The world’s largest electric vehicle manufacturer is striving to garner support for two critical proposals at its annual meeting – one to re-ratify CEO Elon Musk’s $56 billion pay package and another to reincorporate the company in Texas. The latter decision came following a Delaware judge’s ruling to void Musk’s lucrative share options due to concerns over board independence.

Tesla’s significant retail shareholder base, accounting for about 30% of the company, makes it crucial for them to vote in favor of the resolutions, especially the move to Texas. The voting process, particularly for international investors in Europe and Asia, has been impeded by inadequate systems on stockbroker and online trading platforms where they hold their shares.

Despite efforts by Tesla and proxy solicitation firm Innisfree to urge brokers to implement new processes, many have cited time constraints as a reason for not being able to facilitate the voting process for international shareholders. The need for a majority of all outstanding shares to vote in favor of relocating Tesla to Texas further amplifies the challenges as uncast votes are considered against the proposal.
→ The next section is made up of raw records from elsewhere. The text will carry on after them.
section \<open>Balls around zero\<close>

text \<open>A ball \<open>B\<^sub>S(0, F)\<close> for a final segment \<open>S\<close> of \<open>vF\<close> is exactly a set containing 0 that is
  closed under passing to elements of larger or equal value.\<close>

definition zero_ball :: "'a::linordered_field set \<Rightarrow> bool" where
  "zero_ball S \<longleftrightarrow> 0 \<in> S \<and> (\<forall>s\<in>S. \<forall>h. vle s h \<longrightarrow> h \<in> S)"

lemma zero_ballD: "zero_ball S \<Longrightarrow> s \<in> S \<Longrightarrow> vle s h \<Longrightarrow> h \<in> S"
  unfolding zero_ball_def by blast

lemma zero_ball_zero: "zero_ball S \<Longrightarrow> 0 \<in> S"
  unfolding zero_ball_def by blast

lemma zero_ball_abs_le: "zero_ball S \<Longrightarrow> s \<in> S \<Longrightarrow> \<bar>h\<bar> \<le> \<bar>s\<bar> \<Longrightarrow> h \<in> S"
  using zero_ballD vle_if_abs_le by blast

lemma zero_ball_abs_less: "zero_ball S \<Longrightarrow> s \<in> S \<Longrightarrow> w \<notin> S \<Longrightarrow> \<bar>s\<bar> < \<bar>w\<bar>"
  using zero_ball_abs_le[of S s w] by fastforce

lemma zero_ball_minus: "zero_ball S \<Longrightarrow> s \<in> S \<Longrightarrow> - s \<in> S"
  using zero_ball_abs_le by fastforce

lemma zero_ball_abs: "zero_ball S \<Longrightarrow> s \<in> S \<Longrightarrow> \<bar>s\<bar> \<in> S"
  using zero_ball_abs_le by fastforce

lemma zero_ball_double: "zero_ball S \<Longrightarrow> s \<in> S \<Longrightarrow> 2 * s \<in> S"
  using zero_ballD vle_mult_of_int[of s 2] by simp

lemma zero_ball_half: "zero_ball S \<Longrightarrow> w \<notin> S \<Longrightarrow> w / 2 \<notin> S"
  using zero_ball_double by fastforce

lemma zero_ball_add: "zero_ball S \<Longrightarrow> s \<in> S \<Longrightarrow> t \<in> S \<Longrightarrow> s + t \<in> S"
  using vle_total[of s t] zero_ballD vle_add_right by (metis add.commute)
(* Let $f(z)=z+\sum_{n=2}^{\infty}a_nz^n\in\mathcal{S}^{*}_{\rho}$ and set $$\Omega_3:=a_2(a_4a_6-a_5^2)-a_3(a_3a_6-a_4a_5)+a_4(a_3a_5-a_4^2).$$ Then $$|\Omega_3|\le \frac{221394816+55296000\sqrt{6/599}+79626240\sqrt{6/77}+185794560\sqrt{21/251}+79626240\sqrt{6/23}+5971968\sqrt{10}}{597196800}\approx 0.606922 .$$
   Context: Let $\mathbb{D}=\{z\in\mathbb{C}:|z|<1\}$. For analytic $g_1,g_2$ on $\mathbb{D}$, $g_1\prec g_2$ means there is an analytic $w:\mathbb{D}\to\mathbb{D}$ with $w(0)=0$ such that $g_1=g_2\circ w$. Here $\sinh^{-1}$ denotes the principal branch of the inverse hyperbolic sine with $\sinh^{-1}(0)=0$, analytic on $\mathbb{D}$. The class $\mathcal{S}^{*}_{\rho}$ consists of all univalent analytic functions $f$ on $\mathbb{D}$ with $f(z)=z+\sum_{n\ge2}a_nz^n$ such that $\frac{zf'(z)}{f(z)}\prec 1+\sinh^{-1}(z)$. *)

theory Defs
  imports "HOL-Complex_Analysis.Complex_Analysis"
begin

definition coef :: "(complex \<Rightarrow> complex) \<Rightarrow> nat \<Rightarrow> complex" where
  "coef f n = (deriv ^^ n) f 0 / of_nat (fact n)"

definition subordinate :: "(complex \<Rightarrow> complex) \<Rightarrow> (complex \<Rightarrow> complex) \<Rightarrow> bool" where
  "subordinate g1 g2 \<longleftrightarrow> (\<exists>w. w holomorphic_on ball 0 1 \<and> w ` ball 0 1 \<subseteq> ball 0 1 \<and> w 0 = 0
      \<and> (\<forall>z\<in>ball 0 1. g1 z = g2 (w z)))"

text \<open>The analytic function z f'(z)/f(z), with its removable singularity at 0 filled in
  by the value 1 (since f(0)=0, f'(0)=1).\<close>
definition zf'_over_f :: "(complex \<Rightarrow> complex) \<Rightarrow> complex \<Rightarrow> complex" where
  "zf'_over_f f z = (if z = 0 then 1 else z * deriv f z / f z)"

text \<open>The class S^*_rho (arsinh on complex is the principal branch Ln(z + (z^2+1)^(1/2))).\<close>
definition S_rho :: "(complex \<Rightarrow> complex) set" where
  "S_rho = {f. f holomorphic_on ball 0 1 \<and> inj_on f (ball 0 1) \<and> f 0 = 0 \<and> deriv f 0 = 1
      \<and> subordinate (zf'_over_f f) (\<lambda>z. 1 + arsinh z)}"
(* Every $\mathbb{B}$-sober bitopological space is d-sober, and hence join sober (i.e. the topological space $(X,\tau[tt]\vee\tau[ff])$ is sober).
   Context: $\mathbb{B}=\{0,1,tt,ff\}$ is the four-element Boolean algebra with bottom $0$, top $1$, and $tt,ff$ incomparable complements. A bitopological space $(X,\tau[tt],\tau[ff])$ is identified with the $\mathbb{B}$-topology $\tau=\{\lambda\colon X\to\mathbb{B}: \lambda[tt]\in\tau[tt],\ \lambda[ff]\in\tau[ff]\}$, where $\lambda[b]=\{x:\lambda(x)\ge b\}$; $b_X$ is the constant map with value $b$. A $\mathbb{B}$-point of $\tau$ is a frame homomorphism $p\colon\tau\to\mathbb{B}$ with $p(b_X)=b$ for all $b$; the space is $\mathbb{B}$-sober if for every $\mathbb{B}$-point $p$ there is a unique $x$ with $p(\lambda)=\lambda(x)$ for all $\lambda\in\tau$. A d-point of $(X,\tau[tt],\tau[ff])$ is a pair of frame homomorphisms $p_{tt}\colon\tau[tt]\to\{0,1\}$, $p_{ff}\colon\tau[ff]\to\{0,1\}$ such that: if $U\in\tau[tt]$, $V\in\tau[ff]$ and $U\cap V=\emptyset$ then $p_{tt}(U)=0$ or $p_{ff}(V)=0$; and if $U\cup V=X$ then $p_{tt}(U)=1$ or $p_{ff}(V)=1$. Each $x\in X$ gives the d-point $[x]$ with $[x]_{tt}(U)=1\iff x\in U$, $[x]_{ff}(V)=1\iff x\in V$. The space is d-sober if every d-point equals $[x]$ for a unique $x$. A topological space is sober if every irreducible closed set is the closure of a unique point. *)

theory Defs
  imports "HOL-Analysis.Analysis" "HOL-Library.Product_Order"
begin

text \<open>The four-element Boolean algebra B = {0,1,tt,ff} is modelled as bool \<times> bool with the
componentwise (product) order: 0 = (False,False), 1 = (True,True), tt = (True,False),
ff = (False,True).\<close>

type_synonym B4 = "bool \<times> bool"

definition bzero :: B4 where "bzero = (False, False)"
definition bone :: B4 where "bone = (True, True)"
definition btt :: B4 where "btt = (True, False)"
definition bff :: B4 where "bff = (False, True)"

text \<open>A bitopological space is a pair of topologies T1 = tau[tt], T2 = tau[ff] on the same carrier.\<close>

definition bitop_space :: "'a topology \<Rightarrow> 'a topology \<Rightarrow> bool" where
  "bitop_space T1 T2 \<longleftrightarrow> topspace T1 = topspace T2"

definition bcut :: "'a set \<Rightarrow> ('a \<Rightarrow> B4) \<Rightarrow> B4 \<Rightarrow> 'a set" where
  "bcut X l b = {x \<in> X. b \<le> l x}"

definition bconst :: "'a set \<Rightarrow> B4 \<Rightarrow> 'a \<Rightarrow> B4" where
  "bconst X b = (\<lambda>x. if x \<in> X then b else bzero)"
text \<open>The conclusion says that \<open>\<phi> 0 - b\<close> is a subgradient of \<open>d * \<bar>_\<bar>\<close> at \<open>l\<close>.\<close>

lemma first_order_abs_penalty:
  fixes \<phi> :: "real \<Rightarrow> real"
  assumes cont: "isCont \<phi> 0" and "0 \<le> d"
    and opt: "\<And>s. s * (\<phi> s - b) \<le> d * (\<bar>l + s\<bar> - \<bar>l\<bar>)"
  shows "\<bar>\<phi> 0 - b\<bar> \<le> d \<and> l * (\<phi> 0 - b) = \<bar>l\<bar> * d"
proof -
  have upper: "\<phi> 0 \<in> {..b + d}"
  proof (rule isCont_mem_closed_from_right[OF cont closed_atMost zero_less_one])
    fix s :: real assume "0 < s"
    have "d * (\<bar>l + s\<bar> - \<bar>l\<bar>) \<le> d * s"
      using \<open>0 \<le> d\<close> \<open>0 < s\<close> by (intro mult_left_mono) auto
    with opt[of s] have "s * (\<phi> s - b) \<le> s * d" by (simp add: mult.commute)
    with \<open>0 < s\<close> show "\<phi> s \<in> {..b + d}" by simp
  qed
  have lower: "\<phi> 0 \<in> {b - d..}"
  proof (rule isCont_mem_closed_from_left[OF cont closed_atLeast, of "- 1"])
    fix s :: real assume "s < 0"
    have "d * (\<bar>l + s\<bar> - \<bar>l\<bar>) \<le> d * (- s)"
      using \<open>0 \<le> d\<close> \<open>s < 0\<close> by (intro mult_left_mono) auto
    with opt[of s] have "s * (\<phi> s - b) \<le> s * (- d)" by (simp add: mult.commute)
    with \<open>s < 0\<close> have "- d \<le> \<phi> s - b" by (simp only: mult_le_cancel_left_neg)
    then show "\<phi> s \<in> {b - d..}" by simp
  qed simp
  have pos: "\<phi> 0 \<in> {b + d..}" if "0 < l"
  proof (rule isCont_mem_closed_from_left[OF cont closed_atLeast, of "- l"])
    fix s :: real assume "- l < s" "s < 0"
    then have "s * (\<phi> s - b) \<le> s * d"
      using opt[of s] by (simp add: mult.commute)
    with \<open>s < 0\<close> have "d \<le> \<phi> s - b" by (simp only: mult_le_cancel_left_neg)
    then show "\<phi> s \<in> {b + d..}" by simp
  qed (use that in simp)
  have neg: "\<phi> 0 \<in> {..b - d}" if "l < 0"
  proof (rule isCont_mem_closed_from_right[OF cont closed_atMost, of "- l"])
    fix s :: real assume "0 < s" "s < - l"
    then have "s * (\<phi> s - b) \<le> s * (- d)"
      using opt[of s] by (simp add: mult.commute)
    with \<open>0 < s\<close> have "\<phi> s - b \<le> - d" by (simp only: mult_le_cancel_left_pos)
    then show "\<phi> s \<in> {..b - d}" by simp
  qed (use that in simp)
  show ?thesis
    using upper lower pos neg by (cases l "0 :: real" rule: linorder_cases) auto
qed

lemma sum_mult_fun_upd_add_diff:
  fixes f g :: "'a \<Rightarrow> real"
  assumes "finite A" "k \<in> A"
  shows "(\<Sum>j\<in>A. f j * ((g(k := g k + s)) j - g j)) = f k * s"
proof -
  have "(\<Sum>j\<in>A. f j * ((g(k := g k + s)) j - g j)) = (\<Sum>j\<in>A. if j = k then f k * s else 0)"
    by (intro sum.cong refl) auto
  with assms show ?thesis by simp
qed

locale convex_loss =
  fixes psi dpsi :: "real \<Rightarrow> real"
  assumes convex_psi: "convex_on UNIV psi"
    and psi_has_deriv: "\<And>x. (psi has_real_derivative dpsi x) (at x)"
    and bij_dpsi: "bij dpsi"
begin

lemma psi_above_tangent: "dpsi x * (y - x) \<le> psi y - psi x"
  by (rule convex_on_imp_above_tangent[OF convex_psi]) (use psi_has_deriv in auto)

lemma strict_mono_dpsi: "strict_mono dpsi"
proof (rule strict_monoI)
  fix x y :: real assume "x < y"
  have "0 \<le> (dpsi y - dpsi x) * (y - x)"
    using psi_above_tangent[of x y] psi_above_tangent[of y x] by (simp add: algebra_simps)
  with \<open>x < y\<close> have "dpsi x \<le> dpsi y" by (simp add: zero_le_mult_iff)
  moreover have "dpsi x \<noteq> dpsi y"
    using bij_dpsi \<open>x < y\<close> unfolding bij_def inj_def by auto
  ultimately show "dpsi x < dpsi y" by simp
qed

lemma dpsi_rho_deriv: "dpsi (rho_deriv dpsi v) = - v"
proof -
  have "surj (h_deriv dpsi)"
  proof (rule surjI)
    show "h_deriv dpsi (- inv dpsi (- v')) = v'" for v'
      using bij_dpsi by (simp add: h_deriv_def bij_is_surj surj_f_inv_f)
  qed
  then have "h_deriv dpsi (h_deriv_inv dpsi v) = v"
    by (simp add: h_deriv_inv_def surj_f_inv_f)
  then show ?thesis by (simp add: h_deriv_def rho_deriv_def)
qed

lemma rho_deriv_eqI: "dpsi w = - v \<Longrightarrow> rho_deriv dpsi v = w"
  using strict_mono_eq[OF strict_mono_dpsi, of "rho_deriv dpsi v" w] by (simp add: dpsi_rho_deriv)

lemma rho_deriv_less_iff: "rho_deriv dpsi v < rho_deriv dpsi v' \<longleftrightarrow> v' < v"
  using strict_mono_less[OF strict_mono_dpsi, of "rho_deriv dpsi v" "rho_deriv dpsi v'"]
  by (simp add: dpsi_rho_deriv)

lemma rho_eq: "rho psi dpsi v = psi (rho_deriv dpsi v) + v * rho_deriv dpsi v"
  by (simp add: rho_def rho_deriv_def h_fun_def)

lemma rho_le: "rho psi dpsi v \<le> psi w + v * w"
  using psi_above_tangent[of "rho_deriv dpsi v" w]
  by (simp add: rho_eq dpsi_rho_deriv algebra_simps)

lemma rho_diff_ge: "(v' - v) * rho_deriv dpsi v' \<le> rho psi dpsi v' - rho psi dpsi v"
  using rho_le[of v "rho_deriv dpsi v'"] by (simp add: rho_eq algebra_simps)

lemma rho_attained_only_at_rho_deriv:
  assumes "psi w + v * w = rho psi dpsi v"
  shows "w = rho_deriv dpsi v"
proof -
  have "((\<lambda>x. psi x + v * x) has_real_derivative dpsi w + v) (at w)"
    using psi_has_deriv by (auto intro!: derivative_eq_intros)
  moreover have "\<forall>y. \<bar>w - y\<bar> < 1 \<longrightarrow> psi w + v * w \<le> psi y + v * y"
    using assms rho_le by auto
  ultimately have "dpsi w + v = 0"
    by (rule DERIV_local_min[OF _ zero_less_one])
  then show ?thesis by (intro rho_deriv_eqI[symmetric]) simp
qed

lemma isCont_rho_deriv [continuous_intros]:
  assumes "isCont f a"
  shows "isCont (\<lambda>x. rho_deriv dpsi (f x)) a"
proof -
  have "continuous_on UNIV (\<lambda>v. - rho_deriv dpsi v)"
  proof (rule continuous_onI_mono)
    have "- rho_deriv dpsi (- dpsi (- y)) = y" for y
      using rho_deriv_eqI[of "- y" "- dpsi (- y)"] by simp
    then have "surj (\<lambda>v. - rho_deriv dpsi v)" by (rule surjI)
    then show "open (range (\<lambda>v. - rho_deriv dpsi v))" by simp
    show "- rho_deriv dpsi x \<le> - rho_deriv dpsi y" if "x \<le> y" for x y
      using that rho_deriv_less_iff[of y x] by (cases "x = y") auto
  qed
  then have "isCont (\<lambda>v. - rho_deriv dpsi v) (f a)"
    by (simp add: continuous_on_eq_continuous_at)
  then have "isCont (\<lambda>v. - (- rho_deriv dpsi v)) (f a)"
    by (rule isCont_minus)
  then show ?thesis
    using isCont_o2[OF assms] by simp
qed

end

locale weighting_problem = convex_loss psi dpsi
  for psi dpsi :: "real \<Rightarrow> real" +
  fixes I :: "'u set" and c :: "'u \<Rightarrow> real" and B :: "nat \<Rightarrow> 'x \<Rightarrow> real"
    and X :: "'u \<Rightarrow> 'x" and Bs :: "nat \<Rightarrow> real" and K :: nat and \<delta> :: "nat \<Rightarrow> real"
  assumes finite_I: "finite I"
    and c_pos: "\<And>i. i \<in> I \<Longrightarrow> 0 < c i"
    and delta_nonneg: "\<And>k. k \<in> {1..K} \<Longrightarrow> 0 \<le> \<delta> k"
begin

definition score :: "(nat \<Rightarrow> real) \<Rightarrow> ('u \<Rightarrow> real) \<Rightarrow> 'u \<Rightarrow> real" where
  "score lam u i = ((\<Sum>k\<in>{1..K}. B k (X i) * lam k) - u i) / c i"

text \<open>The Lagrange dual function with the multipliers of the two one-sided balance constraints
  merged into \<open>lam = \<alpha> - \<beta>\<close>; \<open>l1_obj\<close> is its negative.\<close>

definition reduced_dual :: "(nat \<Rightarrow> real) \<Rightarrow> ('u \<Rightarrow> real) \<Rightarrow> real" where
  "reduced_dual lam u = (\<Sum>i\<in>I. c i * rho psi dpsi (score lam u i))
     - (\<Sum>k\<in>{1..K}. Bs k * lam k) - (\<Sum>k\<in>{1..K}. \<bar>lam k\<bar> * \<delta> k)"

definition reduced_dual_optimal :: "(nat \<Rightarrow> real) \<Rightarrow> ('u \<Rightarrow> real) \<Rightarrow> bool" where
  "reduced_dual_optimal lam u \<longleftrightarrow> (\<forall>i\<in>I. 0 \<le> u i) \<and>
     (\<forall>lam' u'. (\<forall>i\<in>I. 0 \<le> u' i) \<longrightarrow> reduced_dual lam' u' \<le> reduced_dual lam u)"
Prominent investment platforms like Hargreaves Lansdown in the UK and BNP Paribas’s Consorsbank are among those facing limitations in offering proxy voting services for US stocks, potentially impacting the outcome of Tesla’s critical resolutions. Some platforms have imposed fees or require manual intervention for international shareholders to vote, discouraging retail investors from participating in the decision-making process.

The pressure is mounting on retail shareholders to cast their votes as influential proxy advisers like Glass Lewis and ISS recommend shareholders vote against Musk’s pay resolution. This advice holds weight among large institutional investors, further underscoring the significance of retail shareholders’ participation in Tesla’s voting process.

With the fate of key resolutions hanging in the balance, the engagement of retail shareholders in Tesla’s annual meeting has never been more crucial. As the company navigates through challenges stemming from cross-border voting limitations, the outcome of the meeting could have far-reaching implications for Tesla’s future initiatives and corporate governance.